Neuronal paxillin and drebrin mediate BDNF-induced force transduction and growth cone turning in a soft tissue-like environment

Soft tissue environments govern neuronal morphogenesis. However, the precise molecular mechanisms underlying chemotropism-directed axonal growth cone movement in extremely soft environments remain unclear. Here, we show that drebrin, a growth cone T-zone protein, modulates growth cone turning in response to BDNF coated on a soft substrate. Structurally, axonal growth cones of rodent hippocampal neurons grown on 0.1 kPa hydrogels possess an expanded T-zone in which drebrin is highly integrated with both F-actin and microtubules. Biochemically, we identify paxillin as interacting with drebrin in cells grown on 0.1 kPa hydrogels but not on glass coverslips. When grown on 0.1 kPa substrates, growth cones asymmetrically exposed to BDNF-bound stripes exhibit enhanced paxillin/drebrin interaction on the side facing the stripes, an activity that is PKA- and AAK1-dependent, but independent of Src kinase. Functionally, we show that BDNF-induced growth cone turning and force generation on soft substrates require drebrin phosphorylation and paxillin/drebrin association.

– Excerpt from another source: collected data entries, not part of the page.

(* Let $f,g\in\mathrm{Diffeo}^-(\mathbb{R})$ with $f(0)=g(0)=0$ and $f\circ f=g\circ g$. Suppose $(T_0f)\circ(T_0f)\neq X$. Then $T_0f=T_0g$, and $f$ is conjugate to $g$ by an element of $\mathrm{Diffeo}^+(\mathbb{R})$, i.e. $f=h^{-1}\circ g\circ h$ for some $h\in\mathrm{Diffeo}^+(\mathbb{R})$.
   Context: $\mathrm{Diffeo}(\mathbb{R})$ is the group of $C^\infty$ diffeomorphisms of $\mathbb{R}$ under composition; $\mathrm{Diffeo}^+(\mathbb{R})$ (resp. $\mathrm{Diffeo}^-(\mathbb{R})$) is the set of orientation-preserving (resp. orientation-reversing) diffeomorphisms. For a diffeomorphism $\phi$ with $\phi(0)=0$, $T_0\phi=\phi'(0)X+\frac{\phi''(0)}{2}X^2+\cdots$ is its Taylor series at $0$, viewed as a formal power series under formal composition; $X$ denotes the identity series. *)

theory Defs
  imports "HOL-Analysis.Analysis" "HOL-Computational_Algebra.Formal_Power_Series"
begin

definition smooth :: "(real \<Rightarrow> real) \<Rightarrow> bool" where
  "smooth f \<longleftrightarrow> (\<forall>n x. ((deriv ^^ n) f) differentiable (at x))"

definition diffeo :: "(real \<Rightarrow> real) \<Rightarrow> bool" where
  "diffeo f \<longleftrightarrow> bij f \<and> smooth f \<and> smooth (inv f)"

definition diffeo_plus :: "(real \<Rightarrow> real) \<Rightarrow> bool" where
  "diffeo_plus f \<longleftrightarrow> diffeo f \<and> strict_mono f"

definition diffeo_minus :: "(real \<Rightarrow> real) \<Rightarrow> bool" where
  "diffeo_minus f \<longleftrightarrow> diffeo f \<and> (\<forall>x y. x < y \<longrightarrow> f y < f x)"

definition taylor0 :: "(real \<Rightarrow> real) \<Rightarrow> real fps" where
  "taylor0 f = Abs_fps (\<lambda>n. (deriv ^^ n) f 0 / fact n)"

end

theory Submission
  imports Defs
begin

软组织环境调控神经元的形态发生。然而，在极端柔软环境中，化学趋导性轴突生长锥运动背后的精确分子机制尚不明确。本研究中，我们发现drebrin，一种生长锥T区蛋白，能够调节生长锥在BDNF（脑源性神经营养因子）涂层软基质上的转向。在结构上，培养在0.1 kPa水凝胶上的啮齿动物海马神经元轴突生长锥具有一个扩大的T区，其中drebrin与F-肌动蛋白和微管高度整合。在生化层面上，我们发现在0.1 kPa水凝胶上生长的细胞中paxillin与drebrin相互作用，而在玻片上生长的细胞中则无此现象。当生长在0.1 kPa基质上时，不对称暴露于BDNF结合条纹的生长锥在面向条纹的一侧表现出增强的paxillin/drebrin相互作用，这一活动依赖于PKA和AAK1，但与Src激酶无关。在功能上，我们发现BDNF诱导的软基质上生长锥的转向和力生成需要drebrin的磷酸化和paxillin/drebrin的结合。